Restate word for word the entries below, starting with the line with "(* Let $D$ be" and continuing through the line with "Finite digraphs on". Include both of those lines and no others.
========
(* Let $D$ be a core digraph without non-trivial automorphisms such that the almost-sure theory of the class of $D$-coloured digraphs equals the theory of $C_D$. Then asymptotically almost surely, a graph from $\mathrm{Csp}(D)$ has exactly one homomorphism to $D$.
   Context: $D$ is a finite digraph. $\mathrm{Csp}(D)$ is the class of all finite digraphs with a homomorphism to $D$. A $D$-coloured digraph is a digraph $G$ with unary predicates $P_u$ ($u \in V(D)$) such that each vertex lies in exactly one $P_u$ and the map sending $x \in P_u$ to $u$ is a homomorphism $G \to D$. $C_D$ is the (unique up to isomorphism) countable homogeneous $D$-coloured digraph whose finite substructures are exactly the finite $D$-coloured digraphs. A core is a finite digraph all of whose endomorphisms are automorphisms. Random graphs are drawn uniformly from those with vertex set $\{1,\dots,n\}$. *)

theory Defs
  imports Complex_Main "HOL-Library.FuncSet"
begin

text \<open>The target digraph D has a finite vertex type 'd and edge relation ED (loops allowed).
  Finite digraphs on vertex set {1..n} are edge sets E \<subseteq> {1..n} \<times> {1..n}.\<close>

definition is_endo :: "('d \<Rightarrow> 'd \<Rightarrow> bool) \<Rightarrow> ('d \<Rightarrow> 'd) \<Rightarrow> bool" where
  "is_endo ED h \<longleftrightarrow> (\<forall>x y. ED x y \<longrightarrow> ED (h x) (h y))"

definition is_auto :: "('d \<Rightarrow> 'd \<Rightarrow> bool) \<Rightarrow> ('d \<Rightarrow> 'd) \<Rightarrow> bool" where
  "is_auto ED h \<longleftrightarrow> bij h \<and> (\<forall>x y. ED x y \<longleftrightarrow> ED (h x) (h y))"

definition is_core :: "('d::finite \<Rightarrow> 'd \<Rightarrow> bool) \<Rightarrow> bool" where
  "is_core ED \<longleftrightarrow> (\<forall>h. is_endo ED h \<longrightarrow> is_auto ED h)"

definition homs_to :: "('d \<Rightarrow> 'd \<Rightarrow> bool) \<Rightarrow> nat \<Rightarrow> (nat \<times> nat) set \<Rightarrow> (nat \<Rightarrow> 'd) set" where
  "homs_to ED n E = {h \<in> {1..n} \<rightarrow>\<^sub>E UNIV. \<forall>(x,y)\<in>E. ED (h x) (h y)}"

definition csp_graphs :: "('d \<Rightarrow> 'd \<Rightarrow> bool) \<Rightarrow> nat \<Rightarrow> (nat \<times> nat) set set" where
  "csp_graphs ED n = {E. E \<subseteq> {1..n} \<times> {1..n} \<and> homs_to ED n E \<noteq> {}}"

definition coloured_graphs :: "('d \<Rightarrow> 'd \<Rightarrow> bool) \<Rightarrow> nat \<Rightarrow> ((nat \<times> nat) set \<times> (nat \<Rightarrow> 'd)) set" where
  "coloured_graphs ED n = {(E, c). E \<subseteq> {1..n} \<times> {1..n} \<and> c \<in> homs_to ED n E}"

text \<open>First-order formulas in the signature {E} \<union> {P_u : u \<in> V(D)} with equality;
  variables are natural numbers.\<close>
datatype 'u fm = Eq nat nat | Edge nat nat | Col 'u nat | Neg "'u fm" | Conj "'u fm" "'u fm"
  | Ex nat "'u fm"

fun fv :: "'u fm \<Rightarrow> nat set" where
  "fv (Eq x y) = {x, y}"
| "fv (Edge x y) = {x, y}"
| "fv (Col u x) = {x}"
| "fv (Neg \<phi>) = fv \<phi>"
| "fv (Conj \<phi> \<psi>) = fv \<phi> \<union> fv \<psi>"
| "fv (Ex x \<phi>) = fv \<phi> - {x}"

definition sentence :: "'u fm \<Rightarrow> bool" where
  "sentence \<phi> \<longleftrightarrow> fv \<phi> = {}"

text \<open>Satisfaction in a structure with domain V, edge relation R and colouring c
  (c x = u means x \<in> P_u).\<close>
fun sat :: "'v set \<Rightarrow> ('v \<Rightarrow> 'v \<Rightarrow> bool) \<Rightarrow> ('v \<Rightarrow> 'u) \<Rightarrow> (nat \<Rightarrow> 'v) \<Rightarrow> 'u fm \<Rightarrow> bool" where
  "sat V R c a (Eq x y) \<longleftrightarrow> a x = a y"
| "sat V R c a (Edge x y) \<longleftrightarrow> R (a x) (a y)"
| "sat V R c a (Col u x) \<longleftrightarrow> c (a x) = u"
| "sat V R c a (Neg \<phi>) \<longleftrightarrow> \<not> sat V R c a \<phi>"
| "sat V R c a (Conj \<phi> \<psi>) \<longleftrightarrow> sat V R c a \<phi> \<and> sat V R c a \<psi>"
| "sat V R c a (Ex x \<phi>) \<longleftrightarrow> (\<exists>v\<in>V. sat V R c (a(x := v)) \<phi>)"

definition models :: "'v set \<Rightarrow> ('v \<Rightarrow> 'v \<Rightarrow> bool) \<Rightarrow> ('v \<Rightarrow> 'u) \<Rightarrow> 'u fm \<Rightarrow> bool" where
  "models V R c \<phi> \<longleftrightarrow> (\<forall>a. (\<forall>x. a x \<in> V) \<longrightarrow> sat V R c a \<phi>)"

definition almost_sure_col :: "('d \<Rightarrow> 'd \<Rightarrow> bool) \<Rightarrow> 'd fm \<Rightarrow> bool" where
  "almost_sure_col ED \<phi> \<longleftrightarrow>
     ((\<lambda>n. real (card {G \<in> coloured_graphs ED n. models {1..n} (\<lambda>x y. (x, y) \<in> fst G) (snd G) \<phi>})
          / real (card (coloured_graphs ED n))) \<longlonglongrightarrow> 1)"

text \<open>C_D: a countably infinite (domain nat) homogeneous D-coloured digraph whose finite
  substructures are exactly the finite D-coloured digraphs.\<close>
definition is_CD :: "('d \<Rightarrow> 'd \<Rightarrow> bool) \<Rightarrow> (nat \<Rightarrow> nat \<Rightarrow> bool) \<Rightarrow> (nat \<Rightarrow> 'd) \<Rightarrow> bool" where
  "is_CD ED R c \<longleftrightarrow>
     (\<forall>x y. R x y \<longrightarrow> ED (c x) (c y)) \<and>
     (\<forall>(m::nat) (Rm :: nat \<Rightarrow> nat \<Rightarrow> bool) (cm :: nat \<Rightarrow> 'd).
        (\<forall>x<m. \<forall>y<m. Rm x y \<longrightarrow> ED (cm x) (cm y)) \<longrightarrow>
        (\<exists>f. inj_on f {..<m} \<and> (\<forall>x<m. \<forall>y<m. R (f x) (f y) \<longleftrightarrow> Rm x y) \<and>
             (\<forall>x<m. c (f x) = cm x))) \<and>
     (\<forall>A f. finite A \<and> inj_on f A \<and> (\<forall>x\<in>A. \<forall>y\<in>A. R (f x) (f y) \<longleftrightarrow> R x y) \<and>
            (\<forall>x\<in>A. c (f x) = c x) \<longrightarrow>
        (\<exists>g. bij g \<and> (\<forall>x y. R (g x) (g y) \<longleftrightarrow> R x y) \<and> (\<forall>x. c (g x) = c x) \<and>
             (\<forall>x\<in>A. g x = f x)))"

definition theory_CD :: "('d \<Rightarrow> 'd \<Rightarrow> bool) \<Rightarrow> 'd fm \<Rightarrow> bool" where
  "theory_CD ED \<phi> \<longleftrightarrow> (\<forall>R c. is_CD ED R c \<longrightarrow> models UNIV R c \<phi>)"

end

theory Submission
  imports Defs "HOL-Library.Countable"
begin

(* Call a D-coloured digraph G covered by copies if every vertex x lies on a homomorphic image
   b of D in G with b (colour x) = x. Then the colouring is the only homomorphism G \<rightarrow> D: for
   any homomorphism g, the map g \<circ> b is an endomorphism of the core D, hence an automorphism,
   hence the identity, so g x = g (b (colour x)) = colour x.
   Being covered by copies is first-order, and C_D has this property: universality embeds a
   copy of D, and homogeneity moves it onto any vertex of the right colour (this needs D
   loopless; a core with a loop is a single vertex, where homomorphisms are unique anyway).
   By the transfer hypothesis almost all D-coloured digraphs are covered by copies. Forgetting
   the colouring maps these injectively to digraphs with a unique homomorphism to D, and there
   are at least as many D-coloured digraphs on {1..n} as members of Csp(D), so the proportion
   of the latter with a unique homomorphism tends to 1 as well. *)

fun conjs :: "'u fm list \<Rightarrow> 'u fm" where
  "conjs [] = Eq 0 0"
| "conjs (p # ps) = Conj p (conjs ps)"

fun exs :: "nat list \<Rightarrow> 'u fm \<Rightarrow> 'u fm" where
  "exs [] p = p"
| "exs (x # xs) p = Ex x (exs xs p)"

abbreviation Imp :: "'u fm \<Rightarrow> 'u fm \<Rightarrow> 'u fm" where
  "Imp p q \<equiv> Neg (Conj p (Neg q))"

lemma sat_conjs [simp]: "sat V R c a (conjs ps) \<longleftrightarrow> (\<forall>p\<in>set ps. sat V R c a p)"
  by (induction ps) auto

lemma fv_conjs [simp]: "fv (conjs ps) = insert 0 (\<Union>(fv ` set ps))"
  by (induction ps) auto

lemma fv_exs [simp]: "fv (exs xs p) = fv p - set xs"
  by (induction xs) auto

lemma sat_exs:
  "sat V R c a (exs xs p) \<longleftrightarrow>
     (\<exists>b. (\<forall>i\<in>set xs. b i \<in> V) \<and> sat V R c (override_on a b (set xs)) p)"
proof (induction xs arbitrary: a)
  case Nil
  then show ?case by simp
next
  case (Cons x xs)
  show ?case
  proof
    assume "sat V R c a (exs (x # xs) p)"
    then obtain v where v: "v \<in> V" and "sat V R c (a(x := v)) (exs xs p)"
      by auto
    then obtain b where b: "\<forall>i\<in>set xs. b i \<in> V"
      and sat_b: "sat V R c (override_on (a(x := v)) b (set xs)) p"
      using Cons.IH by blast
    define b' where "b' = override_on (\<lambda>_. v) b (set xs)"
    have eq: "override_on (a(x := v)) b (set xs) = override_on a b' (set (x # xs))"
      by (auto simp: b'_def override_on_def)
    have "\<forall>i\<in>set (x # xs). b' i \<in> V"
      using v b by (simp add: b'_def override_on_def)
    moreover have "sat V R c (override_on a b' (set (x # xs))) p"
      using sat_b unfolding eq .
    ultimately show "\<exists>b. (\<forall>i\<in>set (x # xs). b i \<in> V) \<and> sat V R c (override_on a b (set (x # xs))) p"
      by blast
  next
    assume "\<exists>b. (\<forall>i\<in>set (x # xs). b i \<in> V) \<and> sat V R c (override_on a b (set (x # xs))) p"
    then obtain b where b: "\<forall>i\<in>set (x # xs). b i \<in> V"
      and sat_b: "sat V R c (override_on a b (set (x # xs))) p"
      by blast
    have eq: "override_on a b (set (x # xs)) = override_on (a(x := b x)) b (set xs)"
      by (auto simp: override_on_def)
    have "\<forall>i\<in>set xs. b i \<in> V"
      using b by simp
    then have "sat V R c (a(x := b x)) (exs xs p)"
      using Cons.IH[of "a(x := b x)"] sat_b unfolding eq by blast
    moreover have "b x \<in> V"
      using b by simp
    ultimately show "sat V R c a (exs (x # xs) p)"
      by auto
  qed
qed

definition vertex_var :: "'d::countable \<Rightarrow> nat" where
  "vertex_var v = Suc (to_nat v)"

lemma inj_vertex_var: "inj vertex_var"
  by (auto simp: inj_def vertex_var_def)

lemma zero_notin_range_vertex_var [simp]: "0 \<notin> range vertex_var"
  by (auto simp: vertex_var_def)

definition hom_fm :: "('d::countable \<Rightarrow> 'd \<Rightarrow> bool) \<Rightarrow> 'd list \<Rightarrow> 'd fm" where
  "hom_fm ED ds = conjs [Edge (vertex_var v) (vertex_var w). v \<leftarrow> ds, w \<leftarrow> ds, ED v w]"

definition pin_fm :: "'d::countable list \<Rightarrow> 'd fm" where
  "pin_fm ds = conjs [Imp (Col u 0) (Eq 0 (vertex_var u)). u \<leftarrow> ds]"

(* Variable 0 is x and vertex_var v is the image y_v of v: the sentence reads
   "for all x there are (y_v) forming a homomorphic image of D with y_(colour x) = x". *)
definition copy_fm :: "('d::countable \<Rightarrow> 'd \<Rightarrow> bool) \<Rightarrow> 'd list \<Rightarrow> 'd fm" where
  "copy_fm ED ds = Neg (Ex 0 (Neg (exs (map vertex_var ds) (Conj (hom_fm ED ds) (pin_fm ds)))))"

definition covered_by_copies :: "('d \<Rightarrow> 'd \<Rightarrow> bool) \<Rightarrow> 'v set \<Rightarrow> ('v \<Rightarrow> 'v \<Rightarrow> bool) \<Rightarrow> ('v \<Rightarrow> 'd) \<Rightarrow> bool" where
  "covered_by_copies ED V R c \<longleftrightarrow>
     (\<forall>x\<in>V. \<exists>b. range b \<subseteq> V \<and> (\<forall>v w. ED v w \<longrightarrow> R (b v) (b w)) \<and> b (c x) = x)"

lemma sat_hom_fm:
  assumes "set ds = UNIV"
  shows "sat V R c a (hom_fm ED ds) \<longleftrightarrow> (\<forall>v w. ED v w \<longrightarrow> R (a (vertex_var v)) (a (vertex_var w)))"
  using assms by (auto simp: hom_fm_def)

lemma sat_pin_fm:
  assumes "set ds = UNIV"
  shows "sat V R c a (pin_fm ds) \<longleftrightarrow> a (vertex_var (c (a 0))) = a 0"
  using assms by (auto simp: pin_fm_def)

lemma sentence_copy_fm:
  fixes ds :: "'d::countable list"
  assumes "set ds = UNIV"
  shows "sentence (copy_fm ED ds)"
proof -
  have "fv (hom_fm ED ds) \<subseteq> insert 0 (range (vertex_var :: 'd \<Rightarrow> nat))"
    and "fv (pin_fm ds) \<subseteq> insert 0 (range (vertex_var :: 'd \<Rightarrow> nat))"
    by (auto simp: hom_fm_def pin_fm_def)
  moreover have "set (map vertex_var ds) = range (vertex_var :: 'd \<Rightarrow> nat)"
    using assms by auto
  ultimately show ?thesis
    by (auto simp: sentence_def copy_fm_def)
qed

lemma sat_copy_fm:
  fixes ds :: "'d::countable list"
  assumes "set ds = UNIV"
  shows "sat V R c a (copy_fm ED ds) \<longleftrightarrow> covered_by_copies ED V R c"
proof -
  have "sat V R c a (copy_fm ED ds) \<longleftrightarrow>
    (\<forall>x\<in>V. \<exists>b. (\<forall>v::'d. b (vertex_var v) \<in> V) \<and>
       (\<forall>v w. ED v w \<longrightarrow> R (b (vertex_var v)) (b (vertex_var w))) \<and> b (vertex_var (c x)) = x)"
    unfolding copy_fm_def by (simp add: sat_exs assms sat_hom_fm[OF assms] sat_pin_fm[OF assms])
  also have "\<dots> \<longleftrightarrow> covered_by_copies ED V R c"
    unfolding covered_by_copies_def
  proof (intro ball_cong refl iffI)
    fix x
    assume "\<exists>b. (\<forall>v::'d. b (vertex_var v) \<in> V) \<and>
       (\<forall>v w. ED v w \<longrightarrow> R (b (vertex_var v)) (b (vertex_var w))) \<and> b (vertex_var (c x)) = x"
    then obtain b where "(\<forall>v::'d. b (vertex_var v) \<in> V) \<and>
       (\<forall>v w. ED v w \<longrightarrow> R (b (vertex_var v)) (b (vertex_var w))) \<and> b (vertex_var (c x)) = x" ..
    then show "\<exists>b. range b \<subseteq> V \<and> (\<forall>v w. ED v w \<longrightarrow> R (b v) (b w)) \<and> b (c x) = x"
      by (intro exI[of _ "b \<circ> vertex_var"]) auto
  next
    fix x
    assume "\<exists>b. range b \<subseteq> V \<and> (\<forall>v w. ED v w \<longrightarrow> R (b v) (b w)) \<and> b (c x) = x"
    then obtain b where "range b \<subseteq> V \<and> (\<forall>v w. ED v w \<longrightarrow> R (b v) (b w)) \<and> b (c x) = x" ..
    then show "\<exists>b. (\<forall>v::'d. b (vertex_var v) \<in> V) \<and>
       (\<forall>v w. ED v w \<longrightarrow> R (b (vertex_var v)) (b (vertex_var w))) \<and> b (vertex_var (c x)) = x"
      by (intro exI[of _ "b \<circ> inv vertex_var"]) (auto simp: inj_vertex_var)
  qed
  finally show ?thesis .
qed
========
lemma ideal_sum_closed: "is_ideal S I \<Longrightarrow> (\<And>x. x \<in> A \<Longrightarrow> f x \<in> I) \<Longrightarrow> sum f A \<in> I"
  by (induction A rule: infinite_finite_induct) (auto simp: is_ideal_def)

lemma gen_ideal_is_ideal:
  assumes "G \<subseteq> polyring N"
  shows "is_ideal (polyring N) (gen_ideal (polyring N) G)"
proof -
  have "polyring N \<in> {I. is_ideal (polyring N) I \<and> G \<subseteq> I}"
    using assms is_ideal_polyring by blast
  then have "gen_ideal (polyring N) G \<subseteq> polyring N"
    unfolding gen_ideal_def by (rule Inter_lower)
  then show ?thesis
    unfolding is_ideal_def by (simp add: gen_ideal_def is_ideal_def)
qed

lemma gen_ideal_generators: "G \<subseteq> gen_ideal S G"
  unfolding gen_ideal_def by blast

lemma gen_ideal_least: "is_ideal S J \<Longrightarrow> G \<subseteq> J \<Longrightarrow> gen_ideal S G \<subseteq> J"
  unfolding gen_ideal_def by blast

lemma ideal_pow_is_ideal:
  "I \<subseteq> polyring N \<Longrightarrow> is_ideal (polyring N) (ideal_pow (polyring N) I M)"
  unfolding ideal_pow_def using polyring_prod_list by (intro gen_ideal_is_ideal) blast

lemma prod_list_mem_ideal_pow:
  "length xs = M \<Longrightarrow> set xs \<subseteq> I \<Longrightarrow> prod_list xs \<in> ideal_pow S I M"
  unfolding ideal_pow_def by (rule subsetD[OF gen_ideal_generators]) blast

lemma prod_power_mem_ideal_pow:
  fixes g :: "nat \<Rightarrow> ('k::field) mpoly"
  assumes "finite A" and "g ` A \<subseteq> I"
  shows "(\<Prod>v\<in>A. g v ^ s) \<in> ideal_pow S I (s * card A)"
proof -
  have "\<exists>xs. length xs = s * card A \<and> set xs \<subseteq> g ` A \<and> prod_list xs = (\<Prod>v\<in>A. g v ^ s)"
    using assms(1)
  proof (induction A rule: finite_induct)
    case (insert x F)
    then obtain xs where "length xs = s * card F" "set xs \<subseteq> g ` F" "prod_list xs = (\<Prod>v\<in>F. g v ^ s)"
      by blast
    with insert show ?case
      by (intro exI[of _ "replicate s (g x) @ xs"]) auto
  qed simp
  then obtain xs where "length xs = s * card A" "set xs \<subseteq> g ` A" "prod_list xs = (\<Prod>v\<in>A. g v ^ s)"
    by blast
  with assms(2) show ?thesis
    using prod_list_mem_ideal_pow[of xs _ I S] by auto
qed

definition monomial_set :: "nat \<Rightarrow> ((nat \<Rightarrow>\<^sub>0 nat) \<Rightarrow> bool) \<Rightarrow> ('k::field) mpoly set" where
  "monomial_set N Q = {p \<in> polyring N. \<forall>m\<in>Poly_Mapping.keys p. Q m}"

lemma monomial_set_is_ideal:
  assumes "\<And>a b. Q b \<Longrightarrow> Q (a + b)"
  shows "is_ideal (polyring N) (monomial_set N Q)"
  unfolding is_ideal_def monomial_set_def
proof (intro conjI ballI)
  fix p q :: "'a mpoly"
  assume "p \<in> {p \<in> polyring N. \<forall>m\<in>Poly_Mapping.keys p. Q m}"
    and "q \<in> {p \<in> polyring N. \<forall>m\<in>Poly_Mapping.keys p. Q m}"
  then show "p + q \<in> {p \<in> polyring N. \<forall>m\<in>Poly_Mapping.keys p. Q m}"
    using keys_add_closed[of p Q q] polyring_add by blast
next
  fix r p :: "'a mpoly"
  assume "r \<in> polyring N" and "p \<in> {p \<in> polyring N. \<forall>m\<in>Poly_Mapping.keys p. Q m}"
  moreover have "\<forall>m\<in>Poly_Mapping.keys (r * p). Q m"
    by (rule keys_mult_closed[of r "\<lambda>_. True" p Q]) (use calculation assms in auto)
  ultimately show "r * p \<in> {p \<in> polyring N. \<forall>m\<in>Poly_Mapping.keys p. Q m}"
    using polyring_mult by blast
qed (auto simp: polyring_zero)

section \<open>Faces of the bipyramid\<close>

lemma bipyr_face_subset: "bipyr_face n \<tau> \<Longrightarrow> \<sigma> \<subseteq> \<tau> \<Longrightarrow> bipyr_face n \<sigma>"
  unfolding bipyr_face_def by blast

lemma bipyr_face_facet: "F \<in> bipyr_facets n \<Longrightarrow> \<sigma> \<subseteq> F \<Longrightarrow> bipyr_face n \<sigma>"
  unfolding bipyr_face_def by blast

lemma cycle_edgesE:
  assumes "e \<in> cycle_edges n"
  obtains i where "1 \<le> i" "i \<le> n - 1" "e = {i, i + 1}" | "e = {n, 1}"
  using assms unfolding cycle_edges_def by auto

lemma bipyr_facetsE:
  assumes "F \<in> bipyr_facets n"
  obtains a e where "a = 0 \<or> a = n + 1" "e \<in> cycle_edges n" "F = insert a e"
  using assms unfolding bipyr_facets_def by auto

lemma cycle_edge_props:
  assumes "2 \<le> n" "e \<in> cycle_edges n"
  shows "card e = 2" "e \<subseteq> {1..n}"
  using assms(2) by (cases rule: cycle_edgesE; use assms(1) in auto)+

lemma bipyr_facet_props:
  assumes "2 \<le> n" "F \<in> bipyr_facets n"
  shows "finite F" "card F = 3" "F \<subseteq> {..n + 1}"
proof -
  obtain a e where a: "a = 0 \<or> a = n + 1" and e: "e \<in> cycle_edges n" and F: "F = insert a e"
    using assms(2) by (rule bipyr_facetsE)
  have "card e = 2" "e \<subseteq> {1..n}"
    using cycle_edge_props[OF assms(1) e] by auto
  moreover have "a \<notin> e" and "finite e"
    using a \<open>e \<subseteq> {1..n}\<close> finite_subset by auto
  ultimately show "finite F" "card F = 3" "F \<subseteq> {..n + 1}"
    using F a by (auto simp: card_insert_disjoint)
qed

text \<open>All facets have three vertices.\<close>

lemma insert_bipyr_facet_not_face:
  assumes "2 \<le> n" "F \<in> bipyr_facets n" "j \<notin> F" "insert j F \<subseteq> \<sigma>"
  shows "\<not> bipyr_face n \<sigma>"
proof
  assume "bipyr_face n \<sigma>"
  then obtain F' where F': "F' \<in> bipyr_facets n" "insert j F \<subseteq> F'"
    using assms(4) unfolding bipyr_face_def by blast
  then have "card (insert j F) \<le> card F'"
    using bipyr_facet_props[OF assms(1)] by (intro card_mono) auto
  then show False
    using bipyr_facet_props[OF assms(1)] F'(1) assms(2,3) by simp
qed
========
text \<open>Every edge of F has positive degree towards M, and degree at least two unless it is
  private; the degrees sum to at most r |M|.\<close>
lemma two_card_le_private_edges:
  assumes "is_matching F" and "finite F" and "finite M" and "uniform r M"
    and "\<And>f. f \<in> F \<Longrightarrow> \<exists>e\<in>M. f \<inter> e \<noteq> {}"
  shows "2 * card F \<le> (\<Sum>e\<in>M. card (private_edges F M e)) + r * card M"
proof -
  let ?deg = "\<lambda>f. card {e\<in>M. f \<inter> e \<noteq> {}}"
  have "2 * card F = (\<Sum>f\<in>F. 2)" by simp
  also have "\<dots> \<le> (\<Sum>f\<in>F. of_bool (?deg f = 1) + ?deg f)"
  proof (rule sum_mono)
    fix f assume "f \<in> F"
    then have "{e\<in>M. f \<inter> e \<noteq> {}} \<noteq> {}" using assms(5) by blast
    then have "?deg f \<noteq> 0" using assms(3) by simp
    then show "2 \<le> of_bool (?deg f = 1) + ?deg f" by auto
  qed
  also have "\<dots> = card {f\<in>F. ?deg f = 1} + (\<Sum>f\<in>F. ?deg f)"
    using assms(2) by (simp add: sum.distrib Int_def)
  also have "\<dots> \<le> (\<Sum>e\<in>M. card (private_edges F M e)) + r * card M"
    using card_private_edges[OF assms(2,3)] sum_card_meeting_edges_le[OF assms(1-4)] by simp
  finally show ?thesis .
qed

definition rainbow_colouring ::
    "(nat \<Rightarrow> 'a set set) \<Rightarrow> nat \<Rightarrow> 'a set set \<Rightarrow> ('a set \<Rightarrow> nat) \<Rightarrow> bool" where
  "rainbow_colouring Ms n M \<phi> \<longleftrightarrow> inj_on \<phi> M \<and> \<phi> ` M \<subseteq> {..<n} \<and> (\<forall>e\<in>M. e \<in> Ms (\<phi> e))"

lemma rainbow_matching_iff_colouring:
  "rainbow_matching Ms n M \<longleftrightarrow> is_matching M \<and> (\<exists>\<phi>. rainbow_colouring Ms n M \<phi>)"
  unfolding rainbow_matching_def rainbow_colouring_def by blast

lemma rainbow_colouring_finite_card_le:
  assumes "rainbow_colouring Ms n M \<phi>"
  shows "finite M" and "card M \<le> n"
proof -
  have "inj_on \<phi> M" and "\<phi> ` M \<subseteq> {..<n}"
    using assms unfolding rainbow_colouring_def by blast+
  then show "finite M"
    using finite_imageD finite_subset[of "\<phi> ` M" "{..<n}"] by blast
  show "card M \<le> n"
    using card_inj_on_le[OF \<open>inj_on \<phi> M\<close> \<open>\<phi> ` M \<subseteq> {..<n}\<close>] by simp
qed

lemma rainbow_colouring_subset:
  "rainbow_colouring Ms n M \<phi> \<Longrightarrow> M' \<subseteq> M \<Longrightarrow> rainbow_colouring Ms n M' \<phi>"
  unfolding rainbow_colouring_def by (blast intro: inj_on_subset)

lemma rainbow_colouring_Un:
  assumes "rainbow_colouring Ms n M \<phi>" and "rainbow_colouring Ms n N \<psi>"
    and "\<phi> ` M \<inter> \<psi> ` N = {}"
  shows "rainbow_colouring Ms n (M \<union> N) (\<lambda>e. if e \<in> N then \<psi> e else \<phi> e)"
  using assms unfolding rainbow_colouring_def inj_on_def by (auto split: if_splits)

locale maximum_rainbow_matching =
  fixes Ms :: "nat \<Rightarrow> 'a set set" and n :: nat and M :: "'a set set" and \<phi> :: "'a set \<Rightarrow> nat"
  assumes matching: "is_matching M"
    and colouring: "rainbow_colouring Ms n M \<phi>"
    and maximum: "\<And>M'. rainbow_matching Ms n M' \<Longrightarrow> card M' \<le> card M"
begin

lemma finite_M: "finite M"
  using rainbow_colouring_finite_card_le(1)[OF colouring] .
========
RESPONSE TO THE TASK ▸
(* Let $D$ be a core digraph without non-trivial automorphisms such that the almost-sure theory of the class of $D$-coloured digraphs equals the theory of $C_D$. Then asymptotically almost surely, a graph from $\mathrm{Csp}(D)$ has exactly one homomorphism to $D$.
   Context: $D$ is a finite digraph. $\mathrm{Csp}(D)$ is the class of all finite digraphs with a homomorphism to $D$. A $D$-coloured digraph is a digraph $G$ with unary predicates $P_u$ ($u \in V(D)$) such that each vertex lies in exactly one $P_u$ and the map sending $x \in P_u$ to $u$ is a homomorphism $G \to D$. $C_D$ is the (unique up to isomorphism) countable homogeneous $D$-coloured digraph whose finite substructures are exactly the finite $D$-coloured digraphs. A core is a finite digraph all of whose endomorphisms are automorphisms. Random graphs are drawn uniformly from those with vertex set $\{1,\dots,n\}$. *)

theory Defs
  imports Complex_Main "HOL-Library.FuncSet"
begin

text \<open>The target digraph D has a finite vertex type 'd and edge relation ED (loops allowed).
  Finite digraphs on vertex set {1..n} are edge sets E \<subseteq> {1..n} \<times> {1..n}.\<close>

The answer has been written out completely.